Additionally, the court disagreed with the defendants argument that the plaintiffs’ payment to the AMC was covered under the exception in Section 8(c)(2) of RESPA because the payment was not a “thing of value” under Section 8(a). In rejecting the defendants’ argument, the court noted the kickback at issue is the profit ultimately paid to the individual owner, not the plaintiffs’ payment to the AMC, and the defendants did not present any authority that the exception applies when the payment is for ownership interest.
The court ultimately recommended the denial of the class certification because plaintiffs did not demonstrate that ascertaining the class was administratively feasible, including the problem of ascertaining which loans were federally related mortgage loan and which were not. The court also concluded that, given the number of individual inquiries in the case, the requirement that common question of law and fact predominate was not satisfied.

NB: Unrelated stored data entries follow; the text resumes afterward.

(* Let $\mathcal G$ be a connected rank-$D$ uncolored tensor graph and let $T$ be a tree of white lines of $\mathcal G$ spanning all its bubbles. Let $\mathcal G_1=\mathcal G/T$ be the rosette obtained by contracting the lines of $T$. Then: - for every jacket $J$ of $\mathcal G_{\rm color}$, the pinched jacket $\widetilde J$ and the corresponding pinched jacket $\widetilde J_1$ of $\mathcal G_1$ satisfy $g_{\widetilde J}=g_{\widetilde J_1}$; - for every boundary jacket $J_\partial$, $g_{J_\partial}=g_{(J_\partial)_1}$, where $(J_\partial)_1$ is the same jacket of the boundary graph of $\mathcal G_1$.
   Context: Fix $D\ge 3$. A (D+1)-colored graph $\mathcal G_{\rm color}$ is a bipartite graph in which every vertex has exactly one half-line of each color $0,1,\dots,D$. Lines of colors $1,\dots,D$ ("colored lines") join two vertices. Lines of color $0$ ("white lines") either join two vertices (internal white lines) or are external legs attached to a single vertex. A rank-$D$ uncolored tensor graph $\mathcal G$ is identified with such a $\mathcal G_{\rm color}$: its bubbles (vertices) are the connected components of the subgraph formed by the colored lines, and its lines are the white lines. Contracting an internal white line joining vertices $v,w$ of $\mathcal G_{\rm color}$ that lie in different bubbles means the following: - delete $v$, $w$ and the white line; - for each color $i=1,\dots,D$, replace the two $i$-lines incident to $v$ and $w$ by a single $i$-line joining their other endpoints. A tree of white lines is contracted by contracting its lines successively. The result $\mathcal G/T$ is a rosette: it has a single bubble (a connected $D$-colored graph), and all its remaining internal white lines, as well as its external legs, are attached to that bubble. A face of colors $\{i,j\}$ is a maximal connected subgraph whose lines alternate between colors $i$ and $j$. It is closed if it is a cycle, and open if it is a path ending on external legs (possible only when $0\in\{i,j\}$). A jacket $J$ is a cycle on $\{0,\dots,D\}$ up to orientation. For $J=(n0m\dots)$, the pinched jacket $\widetilde J$ is the closed ribbon graph with the $V$ vertices and $L$ internal lines (colored lines and internal white lines) of $\mathcal G_{\rm color}$. Its faces are the closed faces with color pair consecutive in $J$, together with the closed cycles obtained by concatenating open $0n$ and open $0m$ faces alternately at the external legs. For connected $\mathcal G$, its genus is defined by $2-2g_{\widetilde J}=V-L+F_{\widetilde J}$. The boundary graph $\partial\mathcal G$ is the $D$-colored graph whose vertices are the external legs and whose lines of color $i$ are the open $\{0,i\}$ faces, each joining the two external legs at its ends. A boundary jacket $J_\partial$ is a cycle on $\{1,\dots,D\}$ up to orientation. Its genus is defined by $2C_{\partial\mathcal G}-2g_{J_\partial}=V_{\partial\mathcal G}-L_{\partial\mathcal G}+F_{J_\partial}$, where $C_{\partial\mathcal G}$ is the number of connected components of $\partial\mathcal G$ and $F_{J_\partial}$ counts the faces with color pair consecutive in $J_\partial$. *)

theory Defs
  imports Complex_Main
begin

text \<open>A (D+1)-colored graph: a vertex set V together with, for each color i in 0..D,
  the map sending a vertex to the other endpoint of its i-line.  For color 0 it is an involution of V whose fixed points
  are exactly the vertices carrying an external leg (a white line cannot join a vertex
  to itself in a bipartite graph).\<close>

type_synonym 'v cgraph = "'v set \<times> (nat \<Rightarrow> 'v \<Rightarrow> 'v)"

definition verts :: "'v cgraph \<Rightarrow> 'v set" where "verts G = fst G"
definition sig :: "'v cgraph \<Rightarrow> nat \<Rightarrow> 'v \<Rightarrow> 'v" where "sig G = snd G"

definition colored_graph :: "nat \<Rightarrow> 'v cgraph \<Rightarrow> bool" where
  "colored_graph D G \<longleftrightarrow>
     finite (verts G) \<and>
     (\<forall>i\<le>D. \<forall>x\<in>verts G. sig G i x \<in> verts G \<and> sig G i (sig G i x) = x) \<and>
     (\<forall>i\<in>{1..D}. \<forall>x\<in>verts G. sig G i x \<noteq> x) \<and>
     (\<exists>b::'v \<Rightarrow> bool. \<forall>i\<le>D. \<forall>x\<in>verts G. sig G i x \<noteq> x \<longrightarrow> b (sig G i x) \<noteq> b x)"

definition col_rel :: "'v cgraph \<Rightarrow> nat set \<Rightarrow> ('v \<times> 'v) set" where
  "col_rel G C = {(x, sig G i x) | x i. x \<in> verts G \<and> i \<in> C}"

definition ncomp :: "'v set \<Rightarrow> ('v \<times> 'v) set \<Rightarrow> nat" where
  "ncomp A R = card (A // (R\<^sup>*))"

definition cg_connected :: "nat \<Rightarrow> 'v cgraph \<Rightarrow> bool" where
  "cg_connected D G \<longleftrightarrow> verts G \<noteq> {} \<and>
     (\<forall>x\<in>verts G. \<forall>y\<in>verts G. (x, y) \<in> (col_rel G {0..D})\<^sup>*)"

definition legs :: "'v cgraph \<Rightarrow> 'v set" where
  "legs G = {x \<in> verts G. sig G 0 x = x}"

text \<open>Number of closed faces of a color pair P (a face is a connected component of the
  subgraph of lines with colors in P; it is open iff it contains an external leg).\<close>
definition closed_faces :: "'v cgraph \<Rightarrow> nat set \<Rightarrow> nat" where
  "closed_faces G P = card {c \<in> verts G // ((col_rel G P)\<^sup>*). 0 \<in> P \<longrightarrow> c \<inter> legs G = {}}"

text \<open>Boundary graph: the i-line at external leg x is the open {0,i} face through x,
  joining x to the other leg at the end of that face.\<close>
definition bsig :: "'v cgraph \<Rightarrow> nat \<Rightarrow> 'v \<Rightarrow> 'v" where
  "bsig G i x = (THE y. y \<in> legs G \<and> y \<noteq> x \<and> (x, y) \<in> (col_rel G {0, i})\<^sup>*)"

definition bd_rel :: "'v cgraph \<Rightarrow> nat set \<Rightarrow> ('v \<times> 'v) set" where
  "bd_rel G C = {(x, bsig G i x) | x i. x \<in> legs G \<and> i \<in> C}"

text \<open>Jackets: cycles on the colors, given by a list (up to rotation/orientation, which do
  not affect the set of consecutive pairs).\<close>
definition jacket_pairs :: "nat list \<Rightarrow> nat set set" where
  "jacket_pairs js = {{js ! k, js ! (Suc k mod length js)} | k. k < length js}"

definition is_jacket :: "nat \<Rightarrow> nat list \<Rightarrow> bool" where
  "is_jacket D js \<longleftrightarrow> distinct js \<and> set js = {0..D}"

definition is_bjacket :: "nat \<Rightarrow> nat list \<Rightarrow> bool" where
  "is_bjacket D js \<longleftrightarrow> distinct js \<and> set js = {1..D}"

text \<open>Internal lines: D|V|/2 colored lines and (|V| - #legs)/2 internal white lines.\<close>
definition n_int_lines :: "nat \<Rightarrow> 'v cgraph \<Rightarrow> real" where
  "n_int_lines D G = (real D * real (card (verts G)) + real (card (verts G)) - real (card (legs G))) / 2"

text \<open>Faces of the pinched jacket: closed faces with consecutive colors, plus the cycles
  formed by alternating open 0n and 0m faces (n, m the neighbours of 0 in J), i.e. the
  {n,m}-faces of the boundary graph.\<close>
definition pinched_faces :: "'v cgraph \<Rightarrow> nat list \<Rightarrow> nat" where
  "pinched_faces G js = (\<Sum>P\<in>jacket_pairs js. closed_faces G P)
     + ncomp (legs G) (bd_rel G {c. {0, c} \<in> jacket_pairs js})"

definition pinched_genus :: "nat \<Rightarrow> 'v cgraph \<Rightarrow> nat list \<Rightarrow> real" where
  "pinched_genus D G js =
     (2 - real (card (verts G)) + n_int_lines D G - real (pinched_faces G js)) / 2"

definition boundary_genus :: "nat \<Rightarrow> 'v cgraph \<Rightarrow> nat list \<Rightarrow> real" where
  "boundary_genus D G js =
     (2 * real (ncomp (legs G) (bd_rel G {1..D})) - real (card (legs G))
      + real D * real (card (legs G)) / 2
      - real (\<Sum>P\<in>jacket_pairs js. ncomp (legs G) (bd_rel G P))) / 2"
(* Let $\lambda>0$ and $p\in\left(\frac{2\lambda+1}{2\lambda+2},1\right]$. There is a constant $C>0$ depending only on $\lambda$ and $p$ such that the following holds. Let $f$ be a measurable function on $\mathbb{R}_+$ such that (i) $\int_0^\infty f(x)x^{2\lambda}dx=0$; (ii) there exist $x_1,x_2,r\in\mathbb{R}_+$ and $C_1,C_2>0$ with $|f(x)|\le C_1\chi_{I(x_1,r)}(x)+C_2\chi_{I(x_2,r)}(x)$ for all $x\in\mathbb{R}_+$; (iii) $|x_1-x_2|\ge 4r$. Then $f\in H^p(\mathbb{R}_+,dm_\lambda)$ and $$\|f\|_{H^p(\mathbb{R}_+,dm_\lambda)}^p\le C\left(\frac{|x_1-x_2|}{r}\right)^{1-p}\log_2\!\left(\frac{|x_1-x_2|}{r}\right)\Big[C_1^p\,m_\lambda(I(x_1,r))+C_2^p\,m_\lambda(I(x_2,r))\Big].$$
   Context: Fix $\lambda>0$. $\mathbb{R}_+=(0,\infty)$, $dm_\lambda(x)=x^{2\lambda}dx$, and $I(x,s)=(x-s,x+s)\cap\mathbb{R}_+$ for $x,s>0$; $\chi_E$ is the indicator of $E$. For $p\in\left(\frac{2\lambda+1}{2\lambda+2},1\right]$, a $p$-atom is a function $a$ supported in an open bounded interval $I\subset\mathbb{R}_+$ with $\|a\|_{L^\infty}\le m_\lambda(I)^{-1/p}$ and $\int_0^\infty a\,dm_\lambda=0$. The Hardy space $H^p(\mathbb{R}_+,dm_\lambda)$ consists of the $f$ that can be written as $f=\sum_k\alpha_ka_k$ (in $L^p(dm_\lambda)$) with $a_k$ $p$-atoms and $\sum_k|\alpha_k|^p<\infty$, with quasi-norm $\|f\|_{H^p(\mathbb{R}_+,dm_\lambda)}\simeq\inf(\sum_k|\alpha_k|^p)^{1/p}$ over all such decompositions. *)

theory Defs
  imports "HOL-Analysis.Analysis"
begin

definition mlam :: "real \<Rightarrow> real measure" where
  "mlam lam = density lborel (\<lambda>x. ennreal (indicator {0<..} x * x powr (2 * lam)))"

definition Iint :: "real \<Rightarrow> real \<Rightarrow> real set" where
  "Iint x s = {x - s<..<x + s} \<inter> {0<..}"
(* Let $X$ be a real Banach space, $\varphi$ a strictly convex increasing function on $[0,\infty)$ with $\varphi(0)=0$, and $r$ a symmetric real random variable with $\|r\|_\infty=1$. Then: (1) A point $x\in S_X$ is an extreme point of $B_X$ if and only if [$y\in X$ and $\mathbb{E}[\varphi(\|x+ry\|)]=\varphi(1)$] implies $y=0$. (2) A point $x\in S_X$ is a strongly extreme point of $B_X$ if and only if for every $\epsilon>0$ there is $\delta>0$ such that $\mathbb{E}[\varphi(\|x+ry\|)]\ge\varphi(1)+\delta$ whenever $\|y\|\ge\epsilon$. (3) $X$ is uniformly convex if and only if $\delta_\varphi(\epsilon)>0$ for every $\epsilon>0$, where $\delta_\varphi(\epsilon)=\inf\{\mathbb{E}[\varphi(\|x+ry\|)]-\varphi(1): x\in S_X,\ \|y\|\ge\epsilon\}$.
   Context: $S_X$ and $B_X$ are the unit sphere and closed unit ball of $X$. A point $x\in S_X$ is an extreme point of $B_X$ if $\max\{\|x+y\|,\|x-y\|\}=1$ implies $y=0$. It is a strongly extreme point of $B_X$ if for every $\epsilon>0$ there is $\delta>0$ with $\inf\{\max\{\|x+y\|,\|x-y\|\}:\|y\|\ge\epsilon\}\ge1+\delta$. $X$ is uniformly convex if for every $\epsilon>0$ there is $\delta>0$ with $\inf\{\max\{\|x+y\|,\|x-y\|\}:\|y\|\ge\epsilon,\|x\|=1\}\ge1+\delta$. $\varphi$ strictly convex means $\varphi(\frac{s+t}{2})<\frac{\varphi(s)+\varphi(t)}{2}$ for distinct $s,t$. A random variable is symmetric if $r$ and $-r$ have the same distribution. *)

theory Defs
  imports "HOL-Probability.Probability"
begin

definition strictly_convex_nonneg :: "(real \<Rightarrow> real) \<Rightarrow> bool" where
  "strictly_convex_nonneg \<phi> \<longleftrightarrow>
     (\<forall>s\<ge>0. \<forall>t\<ge>0. s \<noteq> t \<longrightarrow> \<phi> ((s + t) / 2) < (\<phi> s + \<phi> t) / 2)"

definition extreme_point_ball :: "'a::real_normed_vector \<Rightarrow> bool" where
  "extreme_point_ball x \<longleftrightarrow> norm x = 1 \<and>
     (\<forall>y. max (norm (x + y)) (norm (x - y)) = 1 \<longrightarrow> y = 0)"

definition strongly_extreme_point_ball :: "'a::real_normed_vector \<Rightarrow> bool" where
  "strongly_extreme_point_ball x \<longleftrightarrow> norm x = 1 \<and>
     (\<forall>\<epsilon>>0. \<exists>\<delta>>0. \<forall>y. norm y \<ge> \<epsilon> \<longrightarrow> max (norm (x + y)) (norm (x - y)) \<ge> 1 + \<delta>)"

definition uniformly_convex :: "'a::real_normed_vector itself \<Rightarrow> bool" where
  "uniformly_convex _ \<longleftrightarrow>
     (\<forall>\<epsilon>>0. \<exists>\<delta>>0. \<forall>x y::'a. norm x = 1 \<and> norm y \<ge> \<epsilon> \<longrightarrow>
         max (norm (x + y)) (norm (x - y)) \<ge> 1 + \<delta>)"

definition exp_phi :: "'b measure \<Rightarrow> ('b \<Rightarrow> real) \<Rightarrow> (real \<Rightarrow> real) \<Rightarrow> 'a::real_normed_vector \<Rightarrow> 'a \<Rightarrow> real" where
  "exp_phi M r \<phi> x y = (\<integral>\<omega>. \<phi> (norm (x + r \<omega> *\<^sub>R y)) \<partial>M)"

text \<open>The modulus \<open>\<delta>_\<phi>(\<epsilon>)\<close>, taken in the extended reals (infimum of the empty set is \<infinity>).\<close>
definition delta_phi :: "'b measure \<Rightarrow> ('b \<Rightarrow> real) \<Rightarrow> (real \<Rightarrow> real) \<Rightarrow> 'a::real_normed_vector itself \<Rightarrow> real \<Rightarrow> ereal" where
  "delta_phi M r \<phi> _ \<epsilon> =
     (INF p \<in> {(x::'a, y). norm x = 1 \<and> norm y \<ge> \<epsilon>}. ereal (exp_phi M r \<phi> (fst p) (snd p) - \<phi> 1))"

end

theory Submission
  imports Defs
begin
text \<open>Points of C^4 are vectors of type complex^4. The coordinate z_k (k = 1..4)
  is the component at index of_nat k of the numeral type 4 (so z_4 is stored at index 0).\<close>

definition coord :: "nat \<Rightarrow> complex^4 \<Rightarrow> complex" where
  "coord k z = z $ (of_nat k :: 4)"

text \<open>Differential forms on (open subsets of) C^4, in coordinates:
  a 1-form is given by its coefficient functions: omega z k is the coefficient of dz_k (k = 1..4);
  a 2-form eta is given by eta z i j = coefficient of dz_i wedge dz_j for 1 <= i < j <= 4;
  a 3-form by coefficients for 1 <= i < j < k <= 4; a 4-form by its single coefficient
  with respect to dz_1 wedge dz_2 wedge dz_3 wedge dz_4.\<close>

type_synonym form1 = "complex^4 \<Rightarrow> nat \<Rightarrow> complex"
type_synonym form2 = "complex^4 \<Rightarrow> nat \<Rightarrow> nat \<Rightarrow> complex"
type_synonym form3 = "complex^4 \<Rightarrow> nat \<Rightarrow> nat \<Rightarrow> nat \<Rightarrow> complex"
type_synonym form4 = "complex^4 \<Rightarrow> complex"

definition holo_on :: "(complex^4) set \<Rightarrow> (complex^4 \<Rightarrow> complex) \<Rightarrow> bool" where
  "holo_on V f \<longleftrightarrow> (\<forall>z\<in>V. \<exists>c::nat \<Rightarrow> complex.
      (f has_derivative (\<lambda>h. \<Sum>k=1..4. c k * coord k h)) (at z))"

On March 22, the U.S. District Court for the Western District of Kentucky denied the CFPB’s motion to reconsider an opinion issued in July 2017, which held that a safe harbor provision for affiliated business arrangements under Section 8(c)(4) of RESPA protects a Louisville law firm's relationship with a string of now-closed title insurance agencies (previously covered by InfoBytes here). In denying the request, the court clarified its previous reasoning and found that the transactions did not violate Section 8(a) because the law firm did not give the title insurance agencies a “thing of value,” and even assuming a violation, the safe harbor under Section 8(c)(2)—even though the court previously relied on Section 8(c)(4)—applied. The court relied on the D.C. Circuit’s 2016 interpretation of Section 8(c)(2) in PHH Corporation v. CFPB, which found that payments made in exchange for a service “actually received” is not the same as payments made for referrals and a payment is bona fide if it amounts to “reasonable market value” for the service. In applying the PHH holding to the present facts, the court concluded that the payments consumers made to the title agencies, which were subsequently distributed as profits to corresponding partners, were made in exchange for title insurance that was actually received by the consumer. Moreover, the court noted that there was no evidence that the payments were above market value, and therefore determined they were bona fide. Lastly, the opinion emphasized that the purpose of RESPA is to prevent unnecessary increases in costs of certain settlement services for consumers, and the payments resulting from the relationship between the law firm and the title agencies not only were for services actually received but were not found to increase the cost of those services at settlement.